- [WORK ITEM] Collect all lines from the records below that include the word "UNIV".

== DATA SHOWN ==

lemma rep3_join:
  assumes "rep3 X h" and "J a b c"
  shows "h c = h a \<union> h b"
proof -
  have "h c = \<Union>(h ` {a, b})"
    using assms by (intro rep3_is_join) (simp_all add: card_pair_less_3 is_join_pair_iff)
  then show ?thesis
    by simp
qed

lemma rep3_point_prime_filter:
  assumes "rep3 X h"
  shows "prime_filter {z. p \<in> h z}"
  unfolding prime_filter_def
proof (intro conjI allI impI)
  fix a b c
  show "b \<in> {z. p \<in> h z}" if "a \<in> {z. p \<in> h z}" "a \<le> b"
    using that rep3_le_iff[OF assms, of a b] by blast
  show "c \<in> {z. p \<in> h z}" if "a \<in> {z. p \<in> h z}" "b \<in> {z. p \<in> h z}" "M a b c"
    using that rep3_meet[OF assms] by simp
  show "a \<in> {z. p \<in> h z} \<or> b \<in> {z. p \<in> h z}" if "c \<in> {z. p \<in> h z}" "J a b c"
    using that rep3_join[OF assms] by simp
qed

lemma rep3_imp_psi:
  fixes h :: "'a::order \<Rightarrow> 'b set"
  assumes "rep3 X h"
  shows "psi n (P :: 'a itself)"
  unfolding psi_def
proof (intro allI impI)
  fix x y :: 'a
  assume "\<not> x \<le> y"
  then obtain p where "p \<in> h x" "p \<notin> h y"
    using rep3_le_iff[OF assms] by blast
  with rep3_point_prime_filter[OF assms, of p] show "phi n [x] y"
    by (intro prime_filter_phi[of "{z. p \<in> h z}"]) simp_all
qed

definition proper_prime_filters :: "'a::order set set" where
  "proper_prime_filters = {G. prime_filter G \<and> G \<noteq> {} \<and> G \<noteq> UNIV}"

definition proper_prime_filters_containing :: "'a::order \<Rightarrow> 'a set set" where
  "proper_prime_filters_containing p = {G \<in> proper_prime_filters. p \<in> G}"

lemma proper_prime_filters_containing_mono:
  "p \<le> q \<Longrightarrow> proper_prime_filters_containing p \<subseteq> proper_prime_filters_containing q"
  using prime_filter_up
  by (auto simp: proper_prime_filters_containing_def proper_prime_filters_def)

lemma proper_prime_filters_containing_is_meet:
  assumes "finite S" and "card S < 3" and "is_meet S m"
  shows "proper_prime_filters_containing m
           = proper_prime_filters \<inter> \<Inter>(proper_prime_filters_containing ` S)"
  using card_less_3_cases[OF assms(1,2)]
proof cases
  case 1
  with assms(3) have "w \<le> m" for w
    by (simp add: is_meet_def)
  then have "m \<in> G" if "G \<in> proper_prime_filters" for G
    using that prime_filter_up by (fastforce simp: proper_prime_filters_def)
  with 1 show ?thesis
    by (auto simp: proper_prime_filters_containing_def)
next
  case (2 a b)
  with assms(3) have "M a b m"
    by (simp add: is_meet_pair_iff)
  then have "m \<in> G \<longleftrightarrow> a \<in> G \<and> b \<in> G" if "G \<in> proper_prime_filters" for G
    using that prime_filter_up prime_filter_meet
    unfolding proper_prime_filters_def M_def by blast
  with 2 show ?thesis
    by (auto simp: proper_prime_filters_containing_def)
qed

lemma proper_prime_filters_containing_is_join:
  assumes "finite T" and "card T < 3" and "is_join T j"
  shows "proper_prime_filters_containing j = \<Union>(proper_prime_filters_containing ` T)"
  using card_less_3_cases[OF assms(1,2)]
proof cases
  case 1
  with assms(3) have "j \<le> w" for w
    by (simp add: is_join_def)
  then have "j \<notin> G" if "G \<in> proper_prime_filters" for G
    using that prime_filter_up by (fastforce simp: proper_prime_filters_def)
  with 1 show ?thesis
    by (auto simp: proper_prime_filters_containing_def)
next
  case (2 a b)
  with assms(3) have "J a b j"
    by (simp add: is_join_pair_iff)
  then have "j \<in> G \<longleftrightarrow> a \<in> G \<or> b \<in> G" if "G \<in> proper_prime_filters" for G
    using that prime_filter_up prime_filter_join
    unfolding proper_prime_filters_def J_def by blast
  with 2 show ?thesis
    by (auto simp: proper_prime_filters_containing_def)
qed
theorem corollary4p6:
  fixes \<epsilon> hb U :: real and u \<upsilon> p1 p2 :: "zvec \<Rightarrow> real"
    and k :: rvec and lam :: complex and \<psi> :: "rvec \<Rightarrow> complex"
  assumes eps: "\<epsilon> \<ge> 0" and hb: "0 \<le> hb" "hb \<le> 1/2" and U: "U \<ge> 0"
    and u_nonneg: "\<forall>x. u x \<ge> 0"
    and rot: "rot_inv u" "rot_inv \<upsilon>" "rot_inv p1" "rot_inv p2"
    and u_sum: "(\<lambda>x. \<bar>u x\<bar>) summable_on UNIV"
    and v_sum: "(\<lambda>x. \<bar>\<upsilon> x\<bar>) summable_on UNIV"
    and p_exp: "\<exists>\<alpha>0>0. (\<lambda>z. exp (\<alpha>0 * znorm z) * \<bar>p1 z\<bar>) summable_on UNIV \<and>
                        (\<lambda>z. exp (\<alpha>0 * znorm z) * \<bar>p2 z\<bar>) summable_on UNIV"
    and p2_supp: "\<forall>z. \<not> (even (fst z) \<and> even (snd z)) \<longrightarrow> p2 z = 0"
    and p_nz: "\<exists>x. p1 x + p2 x \<noteq> 0"
    and p_cond: "\<forall>q\<in>Tbox. \<exists>x. complex_of_real (p2 x) \<noteq>
                    - cis (zdot q x / 2) * complex_of_real (p1 x)"
    and k: "k \<in> Tbox"
    and res: "in_resolvent_A11 \<epsilon> u U k lam"
    and eig: "is_eigenvalue_A \<epsilon> hb u \<upsilon> p1 p2 U k lam"
    and psi: "L2T \<psi>" "eqT (\<lambda>p. A11 \<epsilon> u U k \<psi> p - lam * \<psi> p) (dfun p1 p2 k)"
  shows "\<forall>\<phi> z. is_eigvec_A \<epsilon> hb u \<upsilon> p1 p2 U k lam (\<phi>, z) \<longleftrightarrow>
            L2T \<phi> \<and> (\<exists>c::complex. eqT \<phi> (\<lambda>p. c * (fhat \<upsilon> k * \<psi> p)) \<and> z = c * (-1))"
proof -
  obtain \<alpha> where "\<alpha> > 0"
    and "(\<lambda>z. exp (\<alpha> * znorm z) * \<bar>p1 z\<bar>) summable_on UNIV"
    and "(\<lambda>z. exp (\<alpha> * znorm z) * \<bar>p2 z\<bar>) summable_on UNIV"
    using p_exp by blast
  then have dfun_meas: "dfun p1 p2 k \<in> borel_measurable lborel"
    by (intro dfun_measurable abs_summable_if_exp_weighted[of \<alpha>]) auto
  note fst_eqT = is_eigvec_A_fst_eqT[OF u_sum res psi]
  obtain \<phi>0 z0 where eigvec0: "is_eigvec_A \<epsilon> hb u \<upsilon> p1 p2 U k lam (\<phi>0, z0)"
    and nonzero0: "\<not> (eqT \<phi>0 (\<lambda>_. 0) \<and> z0 = 0)"
    using eig unfolding is_eigenvalue_A_def by auto
  have "z0 \<noteq> 0"
    using fst_eqT[OF eigvec0] nonzero0 unfolding eqT_def by auto
  show ?thesis
  proof (intro allI iffI)
    fix \<phi> z
    assume "is_eigvec_A \<epsilon> hb u \<upsilon> p1 p2 U k lam (\<phi>, z)"
    then show "L2T \<phi> \<and> (\<exists>c. eqT \<phi> (\<lambda>p. c * (fhat \<upsilon> k * \<psi> p)) \<and> z = c * -1)"
      using fst_eqT unfolding is_eigvec_A_def by (intro conjI exI[of _ "- z"]) auto
  next
    fix \<phi> z
    assume "L2T \<phi> \<and> (\<exists>c. eqT \<phi> (\<lambda>p. c * (fhat \<upsilon> k * \<psi> p)) \<and> z = c * -1)"
    then show "is_eigvec_A \<epsilon> hb u \<upsilon> p1 p2 U k lam (\<phi>, z)"
      using is_eigvec_A_multiple[OF eigvec0 \<open>z0 \<noteq> 0\<close> fst_eqT[OF eigvec0] _ _ dfun_meas] by auto
  qed
qed

end
lemma card_Half_LM:
  assumes fin: "finite (carrier G)" and z: "z \<in> carrier G" "z \<otimes> z \<noteq> \<one>"
  shows "card (Half (LM G)) = 2 * card (Aut klein) * card (Aut G) * card (two_torsion G) ^ 2"
proof -
  define P where "P = Aut klein \<times> Aut G \<times> two_torsion G \<times> two_torsion G"
  define Fp where "Fp = (\<lambda>(f', f'', u, v). Fplus G f' f'' u v)"
  define Fm where "Fm = (\<lambda>(f', f'', u, v). Fminus G f' f'' u v)"
  have Half: "Half (LM G) = Fp ` P \<union> Fm ` P"
    unfolding Half_LM_eq[OF assms] Fp_def Fm_def P_def by (simp only: setcompr_eq_image4)
  have unique: "p = q" if "p \<in> P" "q \<in> P" "F \<in> {Fp p, Fm p}" "F \<in> {Fp q, Fm q}" for p q F
  proof -
    obtain f1 g1 u1 v1 f2 g2 u2 v2 where "p = (f1, g1, u1, v1)" "q = (f2, g2, u2, v2)"
      by (cases p, cases q) auto
    with that Fplus_Fminus_params_unique[of f1 g1 u1 v1 f2 g2 u2 v2 F] show ?thesis
      by (simp add: P_def Fp_def Fm_def)
  qed
  have "inj_on Fp P"
  proof (rule inj_onI)
    fix p q assume "p \<in> P" "q \<in> P" "Fp p = Fp q"
    then show "p = q" using unique[of p q "Fp p"] by simp
  qed
  moreover have "inj_on Fm P"
  proof (rule inj_onI)
    fix p q assume "p \<in> P" "q \<in> P" "Fm p = Fm q"
    then show "p = q" using unique[of p q "Fm p"] by simp
  qed
  moreover have "Fp ` P \<inter> Fm ` P = {}"
    using Fplus_neq_Fminus[OF _ _ _ _ _ _ _ _ z] by (auto simp: Fp_def Fm_def P_def)
  moreover have "finite P"
    using fin finite_Aut by (simp add: P_def two_torsion_def)
  ultimately have "card (Half (LM G)) = 2 * card P"
    unfolding Half by (simp add: card_Un_disjoint card_image)
  then show ?thesis
    by (simp add: P_def card_cartesian_product power2_eq_square)
qed

end

lemma (in group) two_torsion_eq_if_odd:
  assumes "odd (card (carrier G))"
  shows "two_torsion G = {\<one>}"
proof -
  have "x = \<one>" if x: "x \<in> carrier G" "x \<otimes> x = \<one>" for x
  proof (rule ccontr)
    assume "x \<noteq> \<one>"
    then have "ord x \<noteq> 1" using ord_eq_1 x(1) by blast
    moreover have "x [^] (2::nat) = \<one>"
      using x by (simp add: numeral_2_eq_2)
    then have "ord x dvd 2"
      using pow_eq_id[OF x(1)] by blast
    ultimately have "ord x = 2"
      using dvd_imp_le[of "ord x" 2] by (cases "ord x") (auto simp: numeral_2_eq_2 le_Suc_eq)
    then have "2 dvd card (carrier G)"
      using ord_dvd_group_order[OF x(1)] by (simp add: order_def)
    with assms show False by simp
  qed
  then show ?thesis by (auto simp: two_torsion_def)
qed

lemma two_torsion_iso_image:
  assumes "group G" "group H" "h \<in> iso G H"
  shows "h ` two_torsion G = two_torsion H"
proof -
  interpret h: group_hom G H h
    using assms by (simp add: group_hom_def group_hom_axioms_def iso_def)
  have inj: "inj_on h (carrier G)" and surj: "h ` carrier G = carrier H"
    using assms(3) by (auto simp: iso_def bij_betw_def)
  show ?thesis
  proof
    show "h ` two_torsion G \<subseteq> two_torsion H"
      by (auto simp: two_torsion_def simp flip: h.hom_mult)
    show "two_torsion H \<subseteq> h ` two_torsion G"
    proof
      fix x assume x: "x \<in> two_torsion H"
      then obtain y where y: "y \<in> carrier G" "x = h y"
        using surj by (auto simp: two_torsion_def)
      with x have "h (y \<otimes>\<^bsub>G\<^esub> y) = h \<one>\<^bsub>G\<^esub>"
        by (simp add: two_torsion_def)
      with inj y have "y \<otimes>\<^bsub>G\<^esub> y = \<one>\<^bsub>G\<^esub>"
        by (metis inj_onD h.G.m_closed h.G.one_closed)
      with y show "x \<in> h ` two_torsion G"
        by (auto simp: two_torsion_def)
    qed
  qed
qed

lemma card_two_torsion_iso:
  assumes "group G" "group H" "h \<in> iso G H"
  shows "card (two_torsion G) = card (two_torsion H)"
proof -
  have "inj_on h (two_torsion G)"
    using assms(3) by (auto simp: iso_def bij_betw_def two_torsion_def intro: inj_on_subset)
  then show ?thesis
    using two_torsion_iso_image[OF assms] card_image by metis
qed

lemma two_torsion_DirProd: "two_torsion (G \<times>\<times> H) = two_torsion G \<times> two_torsion H"
  by (auto simp: two_torsion_def)

lemma two_torsion_product_group:
  "two_torsion (product_group I G) = (\<Pi>\<^sub>E i\<in>I. two_torsion (G i))"
  by (auto simp: two_torsion_def PiE_def Pi_def extensional_def fun_eq_iff restrict_def
      split: if_splits)

lemma two_torsion_integer_mod_group:
  assumes "0 < k"
  shows "two_torsion (integer_mod_group (2 * k)) = {0, int k}"
proof -
  have "int k dvd x \<longleftrightarrow> x = 0 \<or> x = int k" if "0 \<le> x" "x < int (2 * k)" for x
  proof
    assume "int k dvd x"
    then have "int k dvd x - int k" by simp
    with \<open>int k dvd x\<close> show "x = 0 \<or> x = int k"
      using that zdvd_not_zless[of x "int k"] zdvd_not_zless[of "x - int k" "int k"] by linarith
  qed auto
  then show ?thesis
    using assms by (auto simp: two_torsion_def carrier_integer_mod_group mod_eq_0_iff_dvd)
qed

lemma card_two_torsion_cyclic_times_odd:
  assumes "\<forall>j<s. 1 \<le> i j" "group M1" "odd (card (carrier M1))"
  shows "card (two_torsion (product_group {..<s} (\<lambda>j. integer_mod_group (2 * i j)) \<times>\<times> M1)) = 2 ^ s"
proof -
  have "card (two_torsion (product_group {..<s} (\<lambda>j. integer_mod_group (2 * i j))))
      = (\<Prod>j<s. card (two_torsion (integer_mod_group (2 * i j))))"
    by (simp add: two_torsion_product_group card_PiE)
  also have "\<dots> = (\<Prod>j<s. 2)"
    using assms(1) by (intro prod.cong) (auto simp: two_torsion_integer_mod_group)
  also have "\<dots> = 2 ^ s"
    by simp
  finally show ?thesis
    using group.two_torsion_eq_if_odd[OF assms(2,3)] by (simp add: two_torsion_DirProd card_cartesian_product)
qed
(* Let $n\geq1$ and $1\leq k\leq n$. Then there exists $\eta\in\Omega$ with $\eta\neq\eta_k$ such that $f_k(m_{J_\eta})=f_k(m_{J_{\eta_k}})$.
   Context: $f_k(v)=kv_1+(1-k)v_2$. $\Lambda_{3,n}=\{\beta\in\mathbb N^3:1\leq|\beta|\leq n\}$; $A_n=\begin{pmatrix}1&1&n\\0&1&n+1\end{pmatrix}$; for $J\subset\Lambda_{3,n}$, $m_J=\sum_{\beta\in J}A_n\beta$. $\Omega$ is the set of $\eta=(z,d_0,\ldots,d_r)$ with $z\in\{0,1\}$, $d_0=0$, $d_i\geq1$ ($1\leq i\leq r$), $\sum d_i=n$. For $j\in\{1,\ldots,n\}$, $t$ unique with $\sum_{i<t}d_i<j\leq\sum_{i\leq t}d_i$, $c=j-\sum_{i<t}d_i$; $v_{j,\eta}=(\sum_{i\text{ odd},i<t}d_i+c,0)$ if $z=1,t$ odd; $(0,\sum_{i\text{ even},i<t}d_i+c)$ if $z=1,t$ even; $(0,\sum_{i\text{ odd},i<t}d_i+c)$ if $z=0,t$ odd; $(\sum_{i\text{ even},i<t}d_i+c,0)$ if $z=0,t$ even. $T_{j,\eta}=\{v_{j,\eta}+p(1,1):0\leq p\leq n-j\}$, $T_{0,\eta}=\{(p,p):1\leq p\leq n\}$, $r_{j,\eta}=n\pi_2(v_{j,\eta})$, $T'_\eta=T_{0,\eta}\cup\bigcup_{j=1}^n(T_{j,\eta}+r_{j,\eta}(1,1))$, and $J_\eta=\{\beta\in\Lambda_{3,n}:A_n\beta\in T'_\eta\}$ (which $\beta\mapsto A_n\beta$ maps bijectively onto $T'_\eta$). $\eta_k$: $z_k=1$ if $k\leq n+1-k$, else $0$; $d_{k,0}=0$; for $l\geq1$, $O_l=\sum_{j\text{ odd},j\leq l-1}d_{k,j}$, $E_l=\sum_{j\text{ even},j\leq l-1}d_{k,j}$; $t_l=\max\{m\in\mathbb N:mk\leq(E_l+1)(n+1-k)\}$ ($z_k=1$, $l$ odd), $\max\{m:m(n+1-k)\leq(O_l+1)k\}$ ($z_k=1$, $l$ even), $\max\{m:m(n+1-k)\leq(E_l+1)k\}$ ($z_k=0$, $l$ odd), $\max\{m:mk\leq(O_l+1)(n+1-k)\}$ ($z_k=0$, $l$ even); $s_1=0$, $s_l=O_l$ (odd $l>1$), $s_l=E_l$ (even $l$); $d_{k,l}=\min\{n-\sum_{j<l}d_{k,j},t_l-s_l\}$, stopping at first $r$ with $\sum_{j\leq r}d_{k,j}=n$; $\eta_k=(z_k,d_{k,0},\ldots,d_{k,r})\in\Omega$. *)

theory Defs
  imports Main
begin

definition fk :: "nat \<Rightarrow> int \<times> int \<Rightarrow> int" where
  "fk k v = int k * fst v + (1 - int k) * snd v"

definition Lambda3 :: "nat \<Rightarrow> (nat \<times> nat \<times> nat) set" where
  "Lambda3 n = {(a, b, c). 1 \<le> a + b + c \<and> a + b + c \<le> n}"

text \<open>\<open>A_n \<beta>\<close> for \<open>A_n = ((1,1,n),(0,1,n+1))\<close>.\<close>
definition An :: "nat \<Rightarrow> nat \<times> nat \<times> nat \<Rightarrow> int \<times> int" where
  "An n \<beta> = (case \<beta> of (a, b, c) \<Rightarrow> (int (a + b + n * c), int (b + (n + 1) * c)))"

definition mJ :: "nat \<Rightarrow> (nat \<times> nat \<times> nat) set \<Rightarrow> int \<times> int" where
  "mJ n J = ((\<Sum>\<beta>\<in>J. fst (An n \<beta>)), (\<Sum>\<beta>\<in>J. snd (An n \<beta>)))"
theorem lemmaC5:
  fixes N T B :: nat
    and mu :: vec and P Q V A :: mat
    and eta_V eta_A :: real
    and bx :: "nat \<Rightarrow> nat \<Rightarrow> nat" and bo :: "nat \<Rightarrow> nat"
    and EgV EgA hV hA V' A' :: mat
  assumes mu_pos: "\<forall>i<N. mu i > 0"
    and mu_sum: "(\<Sum>i<N. mu i) = 1"
    and P_nonneg: "\<forall>i<N. \<forall>j<N. P i j \<ge> 0"
    and P_cols: "\<forall>j<N. (\<Sum>i<N. P i j) = 1"
    and P_mu: "\<forall>i<N. (\<Sum>j<N. P i j * mu j) = mu i"
    and Q_nonneg: "\<forall>t<T. \<forall>j<N. Q t j \<ge> 0"
    and Q_cols: "\<forall>j<N. (\<Sum>t<T. Q t j) = 1"
    and KP_pos: "K_P N mu P > 0"
    and KQ_pos: "K_Q N T mu Q > 0"
    and V_cols: "\<forall>j<N. (\<Sum>i<N. V i j) = 1"
    and A_cols: "\<forall>j<N. (\<Sum>t<T. A t j) = 1"
    and V_mu: "\<forall>i<N. (\<Sum>j<N. V i j * mu j) = mu i"
    and eta_V_pos: "eta_V > 0" and eta_A_pos: "eta_A > 0"
    and B_pos: "B > 0"
    and batch: "\<forall>b<B. bx b \<in> sample_seqs N T \<and> bo b < N"
    and EgV_def: "EgV = expect_mat N T mu P Q (pgrad_V N T mu V A)"
    and EgA_def: "EgA = expect_mat N T mu P Q (pgrad_A N T mu V A)"
    and hV_def: "hV = (\<lambda>i j. batch_mat B bx bo (pgrad_V N T mu V A) i j - EgV i j)"
    and hA_def: "hA = (\<lambda>i j. batch_mat B bx bo (pgrad_A N T mu V A) i j - EgA i j)"
    and V'_def: "V' = (\<lambda>i j. V i j - eta_V * EgV i j - eta_V * hV i j)"
    and A'_def: "A' = (\<lambda>t j. A t j - eta_A * EgA t j - eta_A * hA t j)"
  shows "(alpha_V N mu P V' =
           alpha_V N mu P V
           + eta_V * K_Q N T mu Q * (1 - alpha_A N T mu Q A * alpha_V N mu P V) * alpha_A N T mu Q A
           + eta_V * (1 - alpha_V N mu P V) / real T
           - eta_V * alpha_V N mu P V * normsq_mu T N mu (Delta_A N T mu Q A)
           - (eta_V / K_P N mu P) * ip_mu N N mu hV P) \<and>
         (alpha_A N T mu Q A' =
           alpha_A N T mu Q A
           + eta_A * K_P N mu P * (1 - alpha_V N mu P V * alpha_A N T mu Q A) * alpha_V N mu P V
           - eta_A * alpha_A N T mu Q A * normsq_mu N N mu (Delta_V N mu P V)
           - (eta_A / K_Q N T mu Q) * ip_mu T N mu hA Q)"
proof -
  interpret constrained_iterate N T mu P Q V A
    using mu_pos mu_sum P_cols P_mu Q_cols V_cols A_cols V_mu by unfold_locales
  have KP: "K_P N mu P \<noteq> 0" and KQ: "K_Q N T mu Q \<noteq> 0"
    using KP_pos KQ_pos by simp_all
  show ?thesis
    unfolding V'_def A'_def EgV_def EgA_def
    using alpha_V_update[OF KP KQ] alpha_A_update[OF KP KQ] by simp
qed
text \<open>
Fixed points of a network g are the zeros of its conjugate, so it suffices to show that
the conjugate of every subnetwork is a bijection. Suppose this holds for all immediate
subnetworks of h on I (fix one coordinate i of I to a constant b). Then for every target T
and every i, exactly one y with y i = b is mapped to T up to coordinate i; hence the fiber
sizes of T and of T with bit i flipped add up to 2. So the fiber size of T is N or 2 - N
according to the parity of T, where N is the fiber size of 0. If N = 1 the conjugate is a
bijection. Otherwise the image is one parity class with fibers of size 2, and two points in
a fiber agree in no coordinate (agreeing at i would make them equal), so the fiber of
g(x) \<oplus> x is {x, x \<oplus> 1}: h is even- or odd-self-dual. Conversely, an even-self-dual
network has the two fixed points x and x \<oplus> 1, and an odd one has none.
\<close>

lemma finite_pts: "finite W \<Longrightarrow> finite (pts W)"
proof -
  assume "finite W"
  have "pts W \<subseteq> (\<lambda>S v. v \<in> S) ` Pow W"
  proof
    fix x assume "x \<in> pts W"
    then have "x = (\<lambda>v. v \<in> {v \<in> W. x v})" by (auto simp: pts_def fun_eq_iff)
    then show "x \<in> (\<lambda>S v. v \<in> S) ` Pow W" by blast
  qed
  then show ?thesis using \<open>finite W\<close> finite_subset by blast
qed

lemma zero_in_pts: "(\<lambda>_. False) \<in> pts W"
  by (simp add: pts_def)

lemma fixed_point_iff_conjugate_zero: "g x = x \<longleftrightarrow> conjugate g x = (\<lambda>_. False)"
  by (auto simp: conjugate_def bxor_def fun_eq_iff)

lemma agree_off_coordinate_iff:
  "(\<forall>v. v \<noteq> i \<longrightarrow> g v = T v) \<longleftrightarrow> g = T \<or> g = T(i := \<not> T i)"
proof
  assume "\<forall>v. v \<noteq> i \<longrightarrow> g v = T v"
  then show "g = T \<or> g = T(i := \<not> T i)" by (cases "g i = T i") (auto simp: fun_eq_iff)
qed auto

lemma conjugate_subnet_outside:
  "v \<notin> I \<Longrightarrow> conjugate (subnet f I z) y v = y v"
  by (simp add: conjugate_def bxor_def subnet_def)

lemma conjugate_subnet_in_pts:
  "y \<in> pts I \<Longrightarrow> conjugate (subnet f I z) y \<in> pts I"
  by (auto simp: pts_def conjugate_subnet_outside)

lemma conjugate_subnet_off_coordinate:
  assumes "i \<in> I" "v \<noteq> i"
  shows "conjugate (subnet f I z) y v
       = conjugate (subnet f (I - {i}) (z(i := y i))) (y(i := False)) v"
proof -
  have "(\<lambda>u. if u \<in> I - {i} then (y(i := False)) u else (z(i := y i)) u)
      = (\<lambda>u. if u \<in> I then y u else z u)"
    using assms by (auto simp: fun_eq_iff)
  then show ?thesis using assms by (simp add: conjugate_def bxor_def subnet_def)
qed

lemma bij_conjugate_subnet_empty: "bij_betw (conjugate (subnet f {} z)) (pts {}) (pts {})"
proof -
  have "conjugate (subnet f {} z) = id" by (simp add: conjugate_def bxor_def subnet_def fun_eq_iff)
  then show ?thesis by simp
qed

locale immediate_subnets_bijective =
  fixes f :: "('v \<Rightarrow> bool) \<Rightarrow> ('v \<Rightarrow> bool)" and I :: "'v set" and z :: "'v \<Rightarrow> bool"
  assumes finite_I: "finite I" and nonempty_I: "I \<noteq> {}"
    and bij_immediate: "\<And>i b. i \<in> I \<Longrightarrow>
      bij_betw (conjugate (subnet f (I - {i}) (z(i := b)))) (pts (I - {i})) (pts (I - {i}))"
begin

abbreviation G :: "('v \<Rightarrow> bool) \<Rightarrow> ('v \<Rightarrow> bool)" where
  "G \<equiv> conjugate (subnet f I z)"

definition fiber_card :: "('v \<Rightarrow> bool) \<Rightarrow> nat" where
  "fiber_card T = card {y \<in> pts I. G y = T}"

===

- [EXPECTED ANSWER]
  "proper_prime_filters = {G. prime_filter G \<and> G \<noteq> {} \<and> G \<noteq> UNIV}"
    and u_sum: "(\<lambda>x. \<bar>u x\<bar>) summable_on UNIV"
    and v_sum: "(\<lambda>x. \<bar>\<upsilon> x\<bar>) summable_on UNIV"
    and p_exp: "\<exists>\<alpha>0>0. (\<lambda>z. exp (\<alpha>0 * znorm z) * \<bar>p1 z\<bar>) summable_on UNIV \<and>
                        (\<lambda>z. exp (\<alpha>0 * znorm z) * \<bar>p2 z\<bar>) summable_on UNIV"
    and "(\<lambda>z. exp (\<alpha> * znorm z) * \<bar>p1 z\<bar>) summable_on UNIV"
    and "(\<lambda>z. exp (\<alpha> * znorm z) * \<bar>p2 z\<bar>) summable_on UNIV"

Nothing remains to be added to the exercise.